Recommender System for Big Data in Education

https://www.ijert.org/building-personalised-recommendation-system-with-big-data-and-hadoop-mapreduce https://www.ijert.org/research/building-personalised-recommendation-system-with-big-data-and-hadoop-mapreduce-IJERTV3IS042291.pdf Recommender systems are found in many e-commerce applications today. Recommender systems usually provide the user with a list of recommendations that they might prefer, or supply predictions on how much the user might prefer each item. Two common approaches for providing recommendations are collaborative filtering and content based filtering. By combining these two approaches, hybrid recommendation systems can be developed that considers both the ratings of the user and the item's feature to recommend the items to the user.

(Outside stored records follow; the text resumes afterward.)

lemma principal_submatrix_eigenvalue_weights:
  assumes A: "hermitian_mat n A" and U: "unitary_mat n U"
    and A_eq: "A = U * mat_diag n (\<lambda>i. complex_of_real (d i)) * mat_adjoint U"
    and S: "S \<subseteq> {..<n}" "card S = m"
  obtains \<mu> w where "eig_mset (submatrix A S S) = mset (map \<mu> [0..<m])"
    and "\<And>j l. 0 \<le> w j l" and "\<And>j. j < m \<Longrightarrow> (\<Sum>l<n. w j l) = 1"
    and "\<And>j. j < m \<Longrightarrow> \<mu> j = (\<Sum>l<n. w j l * d l)"
    and "\<And>l. l < n \<Longrightarrow> (\<Sum>j<m. w j l) = (\<Sum>i\<in>S. (cmod (U $$ (i, l)))\<^sup>2)"
proof -
  have Ac: "A \<in> carrier_mat n n"
    using A unfolding hermitian_mat_def by auto
  have bij: "bij_betw (pick S) {..<m} S"
    using S finite_subset by (intro pick_bij_betw) auto
  then have s_inj: "inj_on (pick S) {..<m}" and s_range: "pick S ` {..<m} \<subseteq> {..<n}"
    using S unfolding bij_betw_def by auto
  have B_eq: "submatrix A S S = mat m m (\<lambda>(a, b). A $$ (pick S a, pick S b))"
    by (rule principal_submatrix_eq[OF Ac S])
  have "hermitian_mat m (submatrix A S S)"
    using A s_range unfolding B_eq hermitian_mat_def by auto
  then obtain V \<mu> where V: "unitary_mat m V"
    and B: "submatrix A S S = V * mat_diag m (\<lambda>i. complex_of_real (\<mu> i)) * mat_adjoint V"
    using hermitian_mat_spectral by blast
  have principal: "(V * mat_diag m (\<lambda>i. complex_of_real (\<mu> i)) * mat_adjoint V) $$ (a, b) =
      (U * mat_diag n (\<lambda>i. complex_of_real (d i)) * mat_adjoint U) $$ (pick S a, pick S b)"
    if "a < m" "b < m" for a b
    using that unfolding B[symmetric] A_eq[symmetric] B_eq by simp
  show ?thesis
  proof (rule that[of \<mu> "overlap_weight m V U (pick S)"])
    show "eig_mset (submatrix A S S) = mset (map \<mu> [0..<m])"
      unfolding B by (rule eig_mset_unitary_diag[OF V])
    show "0 \<le> overlap_weight m V U (pick S) j l" for j l
      unfolding overlap_weight_def by simp
    show "(\<Sum>l<n. overlap_weight m V U (pick S) j l) = 1" if "j < m" for j
      by (rule overlap_weight_row_sum[OF U V s_inj s_range that])
    show "\<mu> j = (\<Sum>l<n. overlap_weight m V U (pick S) j l * d l)" if "j < m" for j
      using U unfolding unitary_mat_def by (intro eigenvalue_eq_overlap_weighted[OF _ V s_range principal that]) auto
    show "(\<Sum>j<m. overlap_weight m V U (pick S) j l) = (\<Sum>i\<in>S. (cmod (U $$ (i, l)))\<^sup>2)" if "l < n" for l
      using overlap_weight_col_sum[OF V] sum.reindex_bij_betw[OF bij] by simp
  qed
qed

The features of limited amount of data can be analyzed with the existing data analysis tools but when considering an e-book dataset of size in Terabytes, a big data analysis tool such as Hadoop is used. Hadoop is a software framework for distributed processing of large data sets. Hadoop uses MapReduce paradigm to perform distributed processing over clusters of computers to reduce the time involved in analyzing the item's feature (keywords of a book). The proposed system is reliable and fault tolerant when compared to the existing recommendation systems as it collects the ratings from the user to predict the interest and analyses the item to find the features. The system is also adaptive as it updates the rating list frequently and finds the updated interest of the user. Experimental results show that the proposed system is more accurate than the existing recommender systems.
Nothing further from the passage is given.